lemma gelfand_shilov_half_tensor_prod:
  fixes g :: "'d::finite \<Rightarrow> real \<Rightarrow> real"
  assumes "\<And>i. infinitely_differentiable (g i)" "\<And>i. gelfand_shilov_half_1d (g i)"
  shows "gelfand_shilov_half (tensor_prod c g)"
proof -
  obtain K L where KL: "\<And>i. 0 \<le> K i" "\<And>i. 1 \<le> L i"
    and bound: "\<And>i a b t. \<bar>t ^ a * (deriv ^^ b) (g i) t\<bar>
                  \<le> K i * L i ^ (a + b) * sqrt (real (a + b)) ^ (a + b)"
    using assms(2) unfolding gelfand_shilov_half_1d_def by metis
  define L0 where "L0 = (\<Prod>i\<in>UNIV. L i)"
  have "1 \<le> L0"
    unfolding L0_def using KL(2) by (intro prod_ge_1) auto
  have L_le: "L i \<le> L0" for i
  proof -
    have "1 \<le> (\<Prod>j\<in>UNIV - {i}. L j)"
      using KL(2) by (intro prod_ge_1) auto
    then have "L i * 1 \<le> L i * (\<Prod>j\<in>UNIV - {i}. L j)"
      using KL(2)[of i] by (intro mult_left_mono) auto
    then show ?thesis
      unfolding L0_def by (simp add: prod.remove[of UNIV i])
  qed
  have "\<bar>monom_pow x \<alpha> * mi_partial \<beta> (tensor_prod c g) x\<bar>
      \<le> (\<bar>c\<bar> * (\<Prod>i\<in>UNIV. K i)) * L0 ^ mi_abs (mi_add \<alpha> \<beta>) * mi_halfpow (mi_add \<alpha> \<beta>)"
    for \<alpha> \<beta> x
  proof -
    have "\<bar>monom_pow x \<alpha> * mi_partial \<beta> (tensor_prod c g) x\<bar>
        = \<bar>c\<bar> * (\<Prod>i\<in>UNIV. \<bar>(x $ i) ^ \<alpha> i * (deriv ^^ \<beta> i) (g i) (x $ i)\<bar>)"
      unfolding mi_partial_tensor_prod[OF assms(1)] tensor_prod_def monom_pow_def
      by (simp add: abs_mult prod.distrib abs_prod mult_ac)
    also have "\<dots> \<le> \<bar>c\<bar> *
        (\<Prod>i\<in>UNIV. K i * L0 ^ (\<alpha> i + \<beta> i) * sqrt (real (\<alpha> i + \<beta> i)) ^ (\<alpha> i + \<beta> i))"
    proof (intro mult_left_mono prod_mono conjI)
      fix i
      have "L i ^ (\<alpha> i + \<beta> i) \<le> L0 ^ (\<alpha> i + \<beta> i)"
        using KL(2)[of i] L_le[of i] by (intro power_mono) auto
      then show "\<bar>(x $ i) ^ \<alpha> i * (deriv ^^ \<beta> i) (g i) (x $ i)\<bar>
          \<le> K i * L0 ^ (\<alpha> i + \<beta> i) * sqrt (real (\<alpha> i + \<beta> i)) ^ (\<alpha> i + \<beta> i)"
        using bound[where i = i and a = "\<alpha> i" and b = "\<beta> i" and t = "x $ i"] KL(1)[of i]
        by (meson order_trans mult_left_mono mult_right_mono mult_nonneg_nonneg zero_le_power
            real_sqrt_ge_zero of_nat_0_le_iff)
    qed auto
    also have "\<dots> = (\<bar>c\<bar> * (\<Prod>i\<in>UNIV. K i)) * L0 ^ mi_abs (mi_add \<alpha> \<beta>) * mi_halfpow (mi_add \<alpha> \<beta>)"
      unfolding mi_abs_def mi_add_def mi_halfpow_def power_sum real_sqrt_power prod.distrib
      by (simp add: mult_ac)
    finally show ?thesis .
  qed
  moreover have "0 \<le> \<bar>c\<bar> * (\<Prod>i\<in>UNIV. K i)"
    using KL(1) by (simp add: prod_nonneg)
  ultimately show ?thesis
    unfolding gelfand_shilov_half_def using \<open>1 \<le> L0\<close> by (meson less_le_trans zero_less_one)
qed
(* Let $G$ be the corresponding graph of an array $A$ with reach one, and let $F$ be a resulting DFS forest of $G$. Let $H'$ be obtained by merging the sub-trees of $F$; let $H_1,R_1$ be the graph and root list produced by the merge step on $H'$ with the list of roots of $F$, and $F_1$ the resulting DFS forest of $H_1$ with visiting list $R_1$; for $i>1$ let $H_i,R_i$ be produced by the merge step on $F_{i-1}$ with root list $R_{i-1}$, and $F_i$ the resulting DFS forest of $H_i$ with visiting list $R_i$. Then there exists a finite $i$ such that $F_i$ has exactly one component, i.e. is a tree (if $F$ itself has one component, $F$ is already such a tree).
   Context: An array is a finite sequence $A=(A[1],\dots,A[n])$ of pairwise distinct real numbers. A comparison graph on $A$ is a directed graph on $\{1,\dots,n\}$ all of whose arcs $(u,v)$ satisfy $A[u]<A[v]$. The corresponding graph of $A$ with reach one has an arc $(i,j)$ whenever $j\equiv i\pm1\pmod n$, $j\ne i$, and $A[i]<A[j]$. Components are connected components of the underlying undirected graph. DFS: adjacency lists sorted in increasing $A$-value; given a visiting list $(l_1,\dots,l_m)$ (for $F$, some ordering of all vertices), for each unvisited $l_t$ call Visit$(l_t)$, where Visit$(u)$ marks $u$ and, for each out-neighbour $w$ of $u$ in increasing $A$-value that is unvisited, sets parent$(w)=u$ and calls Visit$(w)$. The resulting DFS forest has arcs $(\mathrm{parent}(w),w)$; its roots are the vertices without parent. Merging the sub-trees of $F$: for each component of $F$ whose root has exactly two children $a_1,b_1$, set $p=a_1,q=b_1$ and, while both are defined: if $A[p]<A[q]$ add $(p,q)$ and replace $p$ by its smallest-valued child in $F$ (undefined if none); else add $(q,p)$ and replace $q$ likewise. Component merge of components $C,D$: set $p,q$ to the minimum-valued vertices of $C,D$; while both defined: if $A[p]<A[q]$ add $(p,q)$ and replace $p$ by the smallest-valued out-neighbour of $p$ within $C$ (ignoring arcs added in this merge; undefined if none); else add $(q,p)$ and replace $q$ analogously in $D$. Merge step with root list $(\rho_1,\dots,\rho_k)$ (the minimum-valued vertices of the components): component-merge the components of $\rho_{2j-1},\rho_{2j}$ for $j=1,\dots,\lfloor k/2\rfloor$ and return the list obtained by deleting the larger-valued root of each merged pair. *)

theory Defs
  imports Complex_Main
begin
********
- The task -
Search the listing above for the string "also" and return each line it appears on.

- Problem solution -
    also have "\<dots> \<le> \<bar>c\<bar> *
    also have "\<dots> = (\<bar>c\<bar> * (\<Prod>i\<in>UNIV. K i)) * L0 ^ mi_abs (mi_add \<alpha> \<beta>) * mi_halfpow (mi_add \<alpha> \<beta>)"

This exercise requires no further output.